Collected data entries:
lemma rigid_closure_strip:
  fixes x0 x1 y :: int and Q :: "(int \<times> int) set"
  defines "R \<equiv> rigid_closure Q (lattice_edges Q)"
  assumes strip: "{x0..x1} \<times> {y, y + 1} \<subseteq> Q"
    and start: "(x0, y) \<in> R" "(x0, y + 1) \<in> R" "(x0 + 1, y) \<in> R"
  shows "{x0..x1} \<times> {y, y + 1} \<subseteq> R"
proof -
  have "x \<le> x1 \<longrightarrow> (x, y) \<in> R \<and> (x, y + 1) \<in> R \<and> (x + 1 \<le> x1 \<longrightarrow> (x + 1, y) \<in> R)"
    if "x0 \<le> x" for x
    using that
  proof (induction x rule: int_ge_induct)
    case base
    then show ?case using start by simp
  next
    case (step x)
    show ?case
    proof
      assume x: "x + 1 \<le> x1"
      with step have R: "(x, y) \<in> R" "(x, y + 1) \<in> R" "(x + 1, y) \<in> R"
        by auto
      have in_Q: "(x', y') \<in> Q" if "x0 \<le> x'" "x' \<le> x1" "y' = y \<or> y' = y + 1" for x' y'
        using strip that by auto
      have Q: "(x, y + 1) \<in> Q" "(x + 1, y) \<in> Q" "(x + 1, y + 1) \<in> Q"
        using step.hyps x by (auto intro!: in_Q)
      have up: "(x + 1, y + 1) \<in> R"
        using rigid_closure_lattice_reflect[of "(x, y)" Q "(x, y + 1)" "(x + 1, y)"] R Q
        by (simp add: R_def tri_triangle_def tri_adj_def tri_norm2_def)
      have "(x + 2, y) \<in> R" if "x + 2 \<le> x1"
        using rigid_closure_lattice_reflect[of "(x, y + 1)" Q "(x + 1, y)" "(x + 1, y + 1)"]
          R up Q in_Q[of "x + 2" y] step.hyps that
        by (simp add: R_def tri_triangle_def tri_adj_def tri_norm2_def)
      then show "(x + 1, y) \<in> R \<and> (x + 1, y + 1) \<in> R \<and> (x + 1 + 1 \<le> x1 \<longrightarrow> (x + 1 + 1, y) \<in> R)"
        using R up by (simp add: add.assoc)
    qed
  qed
  then show ?thesis
    by auto
qed
lemma test_of_refines_mat_channel:
  assumes D: "is_channel D" and refines: "D \<sqsubseteq>\<^sub>c mat_channel [x0, x1] [y0, y1]"
    and "0 \<le> x0" and "0 \<le> y0"
  obtains \<phi> where "is_test (fst D) \<phi>" "integral\<^sup>L (fst D) \<phi> = x0" "integral\<^sup>L (snd D) \<phi> = y0"
proof -
  have PQ: "sets (snd D) = sets (fst D)"
    using D by (auto simp: is_channel_def)
  obtain W where W: "W \<in> fst D \<rightarrow>\<^sub>M prob_algebra (fin_row [x0, x1])"
    and bind_P: "fst D \<bind> W = fin_row [x0, x1]" and bind_Q: "snd D \<bind> W = fin_row [y0, y1]"
    using refines unfolding refines_def mat_channel_def fst_conv snd_conv by blast
  \<comment> \<open>\<open>W y\<close> is a probability measure only for \<open>y\<close> in the space, hence the cut-off at 1.\<close>
  define \<phi> where "\<phi> = (\<lambda>y. min 1 (measure (W y) {0}))"
  have test: "is_test (fst D) \<phi>"
    unfolding is_test_def \<phi>_def
    by (auto intro!: borel_measurable_min measurable_compose[OF W measurable_measure_prob_algebra])
  have "integral\<^sup>L N \<phi> = z"
    if N: "prob_space N" "sets N = sets (fst D)" and bind_N: "N \<bind> W = fin_row [z, z']"
      and "0 \<le> z" for N z z'
  proof -
    interpret N: prob_space N by fact
    have W_N: "W \<in> N \<rightarrow>\<^sub>M prob_algebra (fin_row [x0, x1])"
      using W by (simp add: measurable_cong_sets[OF N(2) refl])
    have "emeasure (W y) {0} = ennreal (\<phi> y)" if "y \<in> space N" for y
    proof -
      interpret W: prob_space "W y"
        using measurable_space[OF W_N that] by (simp add: space_prob_algebra)
      show ?thesis
        by (simp add: \<phi>_def W.emeasure_eq_measure)
    qed
    then have "ennreal z = (\<integral>\<^sup>+ y. ennreal (\<phi> y) \<partial>N)"
      using emeasure_bind[where N="fin_row [x0, x1]" and X="{0}", OF N.not_empty
          measurable_prob_algebraD[OF W_N]] bind_N
      by (simp add: emeasure_fin_row cong: nn_integral_cong)
    also have "\<dots> = ennreal (integral\<^sup>L N \<phi>)"
    proof -
      have "is_test N \<phi>"
        using test is_test_cong_sets[OF N(2)] by simp
      then have "integrable N \<phi>" and "AE y in N. 0 \<le> \<phi> y"
        by (auto intro: integrable_test[OF N(1)] simp: is_test_def)
      then show ?thesis
        by (rule nn_integral_eq_integral)
    qed
    finally show ?thesis
      using \<open>0 \<le> z\<close> test by (simp add: is_test_def integral_nonneg)
  qed
  moreover have "prob_space (fst D)" "prob_space (snd D)"
    using D by (auto simp: is_channel_def)
  ultimately show ?thesis
    using that test bind_P bind_Q PQ assms(3,4) by blast
qed

lemma refines_refl: "sets (snd C) = sets (fst C) \<Longrightarrow> C \<sqsubseteq>\<^sub>c C"
  unfolding refines_def
  by (intro exI[of _ "return (fst C)"]) (auto simp: bind_return'')

lemma sum_le_scaled_sum_plus_hockey_stick:
  fixes a b c :: "'i \<Rightarrow> real"
  assumes "\<And>i. i \<in> I \<Longrightarrow> 0 \<le> c i \<and> c i \<le> 1"
  shows "(\<Sum>i\<in>I. a i * c i) \<le> k * (\<Sum>i\<in>I. b i * c i) + (\<Sum>i\<in>I. max 0 (a i - k * b i))"
proof -
  have "(a i - k * b i) * c i \<le> max 0 (a i - k * b i)" if "i \<in> I" for i
    using assms[OF that] by (cases "a i - k * b i \<ge> 0") (auto intro: mult_left_le mult_nonpos_nonneg)
  then have "(\<Sum>i\<in>I. (a i - k * b i) * c i) \<le> (\<Sum>i\<in>I. max 0 (a i - k * b i))"
    by (rule sum_mono)
  then show ?thesis
    by (simp add: sum_distrib_left left_diff_distrib sum_subtractf mult.assoc)
qed

lemma DP_of_refines_mat_channel:
  assumes refines: "mat_channel xs ys \<sqsubseteq>\<^sub>c M" and len: "length ys = length xs"
    and nonneg: "\<And>i. i < length xs \<Longrightarrow> 0 \<le> xs ! i \<and> 0 \<le> ys ! i"
    and hs_xy: "(\<Sum>i<length xs. max 0 (xs ! i - exp \<epsilon> * ys ! i)) \<le> \<delta>"
    and hs_yx: "(\<Sum>i<length xs. max 0 (ys ! i - exp \<epsilon> * xs ! i)) \<le> \<delta>"
  shows "DP \<epsilon> \<delta> M"
  unfolding DP_def
proof
  fix S assume S: "S \<in> sets (fst M)"
  obtain W where W: "W \<in> fin_row xs \<rightarrow>\<^sub>M prob_algebra (fst M)"
    and bind_x: "fin_row xs \<bind> W = fst M" and bind_y: "fin_row ys \<bind> W = snd M"
    using refines unfolding refines_def mat_channel_def fst_conv snd_conv by blast
  have K: "prob_space (W i)" "sets (W i) = sets (fst M)" for i
    using measurable_space[OF W, of i] by (auto simp: space_prob_algebra)
  define c where "c i = measure (W i) S" for i
  have c: "0 \<le> c i \<and> c i \<le> 1" for i
    using prob_space.prob_le_1[OF K(1)] by (simp add: c_def)
  have P: "measure (fst M) S = (\<Sum>i<length xs. xs ! i * c i)"
    unfolding bind_x[symmetric] c_def using nonneg by (intro measure_bind_fin_row[OF K S]) auto
  have Q: "measure (snd M) S = (\<Sum>i<length xs. ys ! i * c i)"
    unfolding bind_y[symmetric] c_def len[symmetric] using nonneg len
    by (intro measure_bind_fin_row[OF K S]) auto
  show "measure (fst M) S \<le> exp \<epsilon> * measure (snd M) S + \<delta> \<and>
      measure (snd M) S \<le> exp \<epsilon> * measure (fst M) S + \<delta>"
    unfolding P Q using c hs_xy hs_yx
      sum_le_scaled_sum_plus_hockey_stick[of "{..<length xs}" c "(!) xs" "exp \<epsilon>" "(!) ys"]
      sum_le_scaled_sum_plus_hockey_stick[of "{..<length xs}" c "(!) ys" "exp \<epsilon>" "(!) xs"]
    by auto
qed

§ Task directions
Extract every line from the one containing "xs. max 0 (xs" through the last line of the data, inclusive, exactly as written.

§ Response area
    and hs_xy: "(\<Sum>i<length xs. max 0 (xs ! i - exp \<epsilon> * ys ! i)) \<le> \<delta>"
    and hs_yx: "(\<Sum>i<length xs. max 0 (ys ! i - exp \<epsilon> * xs ! i)) \<le> \<delta>"
  shows "DP \<epsilon> \<delta> M"
  unfolding DP_def
proof
  fix S assume S: "S \<in> sets (fst M)"
  obtain W where W: "W \<in> fin_row xs \<rightarrow>\<^sub>M prob_algebra (fst M)"
    and bind_x: "fin_row xs \<bind> W = fst M" and bind_y: "fin_row ys \<bind> W = snd M"
    using refines unfolding refines_def mat_channel_def fst_conv snd_conv by blast
  have K: "prob_space (W i)" "sets (W i) = sets (fst M)" for i
    using measurable_space[OF W, of i] by (auto simp: space_prob_algebra)
  define c where "c i = measure (W i) S" for i
  have c: "0 \<le> c i \<and> c i \<le> 1" for i
    using prob_space.prob_le_1[OF K(1)] by (simp add: c_def)
  have P: "measure (fst M) S = (\<Sum>i<length xs. xs ! i * c i)"
    unfolding bind_x[symmetric] c_def using nonneg by (intro measure_bind_fin_row[OF K S]) auto
  have Q: "measure (snd M) S = (\<Sum>i<length xs. ys ! i * c i)"
    unfolding bind_y[symmetric] c_def len[symmetric] using nonneg len
    by (intro measure_bind_fin_row[OF K S]) auto
  show "measure (fst M) S \<le> exp \<epsilon> * measure (snd M) S + \<delta> \<and>
      measure (snd M) S \<le> exp \<epsilon> * measure (fst M) S + \<delta>"
    unfolding P Q using c hs_xy hs_yx
      sum_le_scaled_sum_plus_hockey_stick[of "{..<length xs}" c "(!) xs" "exp \<epsilon>" "(!) ys"]
      sum_le_scaled_sum_plus_hockey_stick[of "{..<length xs}" c "(!) ys" "exp \<epsilon>" "(!) xs"]
    by auto
qed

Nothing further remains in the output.